## WORK ORDER
Reproduce, exactly and in full, only the lines below from the one containing "nat list. set" through the one containing "by (intro sum.cong) auto".

## DATASET
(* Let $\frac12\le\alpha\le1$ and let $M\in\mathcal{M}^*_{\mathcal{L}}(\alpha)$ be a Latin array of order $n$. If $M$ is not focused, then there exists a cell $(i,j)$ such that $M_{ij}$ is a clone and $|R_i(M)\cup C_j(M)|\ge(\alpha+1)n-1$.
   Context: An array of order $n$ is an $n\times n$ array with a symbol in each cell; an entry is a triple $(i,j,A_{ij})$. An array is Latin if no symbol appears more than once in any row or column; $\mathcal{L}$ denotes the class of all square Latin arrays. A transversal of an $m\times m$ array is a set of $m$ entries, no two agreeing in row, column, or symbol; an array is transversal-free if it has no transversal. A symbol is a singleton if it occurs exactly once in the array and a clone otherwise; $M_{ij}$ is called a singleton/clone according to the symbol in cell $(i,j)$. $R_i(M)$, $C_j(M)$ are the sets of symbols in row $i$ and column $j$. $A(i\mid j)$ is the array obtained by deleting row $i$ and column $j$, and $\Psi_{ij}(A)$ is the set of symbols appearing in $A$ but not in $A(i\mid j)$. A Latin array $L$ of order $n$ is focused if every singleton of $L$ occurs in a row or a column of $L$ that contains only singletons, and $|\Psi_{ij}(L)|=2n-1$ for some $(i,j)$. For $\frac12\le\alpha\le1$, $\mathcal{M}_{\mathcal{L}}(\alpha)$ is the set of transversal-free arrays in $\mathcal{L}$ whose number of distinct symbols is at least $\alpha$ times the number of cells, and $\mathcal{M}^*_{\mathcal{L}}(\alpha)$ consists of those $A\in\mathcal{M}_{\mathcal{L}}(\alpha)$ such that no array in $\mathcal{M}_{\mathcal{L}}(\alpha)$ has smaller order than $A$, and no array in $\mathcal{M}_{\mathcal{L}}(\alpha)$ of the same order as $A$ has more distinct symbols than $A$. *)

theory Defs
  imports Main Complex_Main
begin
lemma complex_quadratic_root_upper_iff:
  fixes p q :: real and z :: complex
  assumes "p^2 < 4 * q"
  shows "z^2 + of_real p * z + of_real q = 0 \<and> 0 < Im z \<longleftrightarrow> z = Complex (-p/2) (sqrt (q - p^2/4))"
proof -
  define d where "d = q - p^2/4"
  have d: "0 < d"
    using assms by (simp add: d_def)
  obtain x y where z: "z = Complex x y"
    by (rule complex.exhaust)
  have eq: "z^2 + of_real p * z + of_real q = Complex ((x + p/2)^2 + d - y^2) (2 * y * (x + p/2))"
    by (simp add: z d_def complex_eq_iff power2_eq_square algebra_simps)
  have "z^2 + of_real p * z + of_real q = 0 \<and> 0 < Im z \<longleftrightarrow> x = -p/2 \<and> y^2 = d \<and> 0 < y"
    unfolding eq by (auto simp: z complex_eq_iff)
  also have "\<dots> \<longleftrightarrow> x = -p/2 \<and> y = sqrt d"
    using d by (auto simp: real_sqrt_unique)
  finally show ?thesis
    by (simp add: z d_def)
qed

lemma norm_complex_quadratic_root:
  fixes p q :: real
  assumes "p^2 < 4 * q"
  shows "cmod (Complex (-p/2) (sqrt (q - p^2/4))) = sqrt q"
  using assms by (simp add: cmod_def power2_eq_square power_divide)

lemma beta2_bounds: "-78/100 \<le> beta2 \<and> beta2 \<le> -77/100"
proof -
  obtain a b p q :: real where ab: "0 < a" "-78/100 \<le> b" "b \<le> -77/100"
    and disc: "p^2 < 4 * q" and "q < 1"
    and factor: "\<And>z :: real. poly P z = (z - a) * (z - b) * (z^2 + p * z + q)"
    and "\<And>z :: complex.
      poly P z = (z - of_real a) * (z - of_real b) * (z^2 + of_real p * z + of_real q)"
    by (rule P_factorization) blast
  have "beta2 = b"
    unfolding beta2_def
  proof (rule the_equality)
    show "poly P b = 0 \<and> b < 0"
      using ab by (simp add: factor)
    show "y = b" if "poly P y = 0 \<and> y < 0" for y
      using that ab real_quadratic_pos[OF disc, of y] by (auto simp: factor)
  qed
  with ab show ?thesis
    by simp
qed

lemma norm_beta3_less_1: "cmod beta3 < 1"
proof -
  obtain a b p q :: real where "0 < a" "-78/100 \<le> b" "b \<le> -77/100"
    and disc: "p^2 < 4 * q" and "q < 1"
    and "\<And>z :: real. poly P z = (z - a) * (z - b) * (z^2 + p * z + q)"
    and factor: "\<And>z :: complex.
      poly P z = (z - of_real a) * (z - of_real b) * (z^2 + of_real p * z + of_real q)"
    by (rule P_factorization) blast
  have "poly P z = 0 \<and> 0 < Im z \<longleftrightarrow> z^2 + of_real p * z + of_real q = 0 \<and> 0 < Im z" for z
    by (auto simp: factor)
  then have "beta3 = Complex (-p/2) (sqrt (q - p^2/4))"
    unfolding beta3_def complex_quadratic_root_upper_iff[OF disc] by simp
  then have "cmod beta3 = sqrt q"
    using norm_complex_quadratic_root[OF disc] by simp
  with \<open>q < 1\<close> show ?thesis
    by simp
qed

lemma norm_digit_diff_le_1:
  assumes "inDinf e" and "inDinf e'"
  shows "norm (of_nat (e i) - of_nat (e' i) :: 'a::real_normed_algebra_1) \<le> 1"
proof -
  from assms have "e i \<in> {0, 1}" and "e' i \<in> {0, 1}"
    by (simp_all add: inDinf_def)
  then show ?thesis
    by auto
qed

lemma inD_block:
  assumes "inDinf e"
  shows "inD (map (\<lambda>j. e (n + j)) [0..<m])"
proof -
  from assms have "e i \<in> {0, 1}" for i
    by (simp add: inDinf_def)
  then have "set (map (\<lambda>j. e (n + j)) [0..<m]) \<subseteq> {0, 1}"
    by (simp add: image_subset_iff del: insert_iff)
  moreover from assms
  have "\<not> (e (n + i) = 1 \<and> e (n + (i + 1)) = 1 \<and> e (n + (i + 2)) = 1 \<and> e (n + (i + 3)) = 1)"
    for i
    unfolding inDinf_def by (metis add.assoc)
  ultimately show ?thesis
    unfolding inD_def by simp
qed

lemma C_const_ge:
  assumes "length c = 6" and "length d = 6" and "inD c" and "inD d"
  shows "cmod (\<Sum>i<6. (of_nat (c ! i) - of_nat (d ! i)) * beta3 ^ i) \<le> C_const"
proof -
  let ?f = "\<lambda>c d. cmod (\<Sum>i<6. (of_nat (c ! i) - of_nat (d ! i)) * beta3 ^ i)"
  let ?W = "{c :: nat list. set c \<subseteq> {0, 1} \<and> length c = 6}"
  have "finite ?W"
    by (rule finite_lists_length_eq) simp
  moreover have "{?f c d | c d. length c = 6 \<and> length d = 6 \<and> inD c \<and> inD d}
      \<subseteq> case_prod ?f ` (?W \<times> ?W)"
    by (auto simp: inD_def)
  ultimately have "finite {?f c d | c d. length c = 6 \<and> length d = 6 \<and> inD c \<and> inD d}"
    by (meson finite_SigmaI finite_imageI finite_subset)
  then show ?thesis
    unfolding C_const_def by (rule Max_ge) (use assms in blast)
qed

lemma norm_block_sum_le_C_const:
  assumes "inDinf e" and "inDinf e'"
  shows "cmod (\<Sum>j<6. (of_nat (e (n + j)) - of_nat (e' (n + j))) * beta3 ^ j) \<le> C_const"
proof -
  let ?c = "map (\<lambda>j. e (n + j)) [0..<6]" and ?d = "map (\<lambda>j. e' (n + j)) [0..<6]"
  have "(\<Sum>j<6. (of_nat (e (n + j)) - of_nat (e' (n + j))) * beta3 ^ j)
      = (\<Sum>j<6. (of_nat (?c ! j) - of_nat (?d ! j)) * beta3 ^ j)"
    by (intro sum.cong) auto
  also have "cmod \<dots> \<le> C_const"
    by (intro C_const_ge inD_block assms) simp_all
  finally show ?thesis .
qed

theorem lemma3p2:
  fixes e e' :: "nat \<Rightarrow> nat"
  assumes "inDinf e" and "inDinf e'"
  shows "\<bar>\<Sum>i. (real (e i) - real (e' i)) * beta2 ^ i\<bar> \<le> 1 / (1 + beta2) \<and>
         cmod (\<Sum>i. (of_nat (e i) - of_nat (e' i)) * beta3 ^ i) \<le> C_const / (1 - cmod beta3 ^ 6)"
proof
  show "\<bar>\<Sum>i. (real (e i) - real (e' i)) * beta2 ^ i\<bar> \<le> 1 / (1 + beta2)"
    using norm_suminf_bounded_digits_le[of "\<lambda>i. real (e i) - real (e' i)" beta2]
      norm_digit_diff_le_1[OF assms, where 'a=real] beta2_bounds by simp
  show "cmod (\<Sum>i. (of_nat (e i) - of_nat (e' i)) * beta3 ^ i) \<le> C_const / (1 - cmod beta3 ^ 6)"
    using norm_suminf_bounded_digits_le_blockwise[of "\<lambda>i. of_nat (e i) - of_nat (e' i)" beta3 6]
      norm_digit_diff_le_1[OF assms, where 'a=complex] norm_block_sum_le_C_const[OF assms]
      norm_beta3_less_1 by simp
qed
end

## RESPONSE TO THE TASK
  let ?W = "{c :: nat list. set c \<subseteq> {0, 1} \<and> length c = 6}"
  have "finite ?W"
    by (rule finite_lists_length_eq) simp
  moreover have "{?f c d | c d. length c = 6 \<and> length d = 6 \<and> inD c \<and> inD d}
      \<subseteq> case_prod ?f ` (?W \<times> ?W)"
    by (auto simp: inD_def)
  ultimately have "finite {?f c d | c d. length c = 6 \<and> length d = 6 \<and> inD c \<and> inD d}"
    by (meson finite_SigmaI finite_imageI finite_subset)
  then show ?thesis
    unfolding C_const_def by (rule Max_ge) (use assms in blast)
qed

lemma norm_block_sum_le_C_const:
  assumes "inDinf e" and "inDinf e'"
  shows "cmod (\<Sum>j<6. (of_nat (e (n + j)) - of_nat (e' (n + j))) * beta3 ^ j) \<le> C_const"
proof -
  let ?c = "map (\<lambda>j. e (n + j)) [0..<6]" and ?d = "map (\<lambda>j. e' (n + j)) [0..<6]"
  have "(\<Sum>j<6. (of_nat (e (n + j)) - of_nat (e' (n + j))) * beta3 ^ j)
      = (\<Sum>j<6. (of_nat (?c ! j) - of_nat (?d ! j)) * beta3 ^ j)"
    by (intro sum.cong) auto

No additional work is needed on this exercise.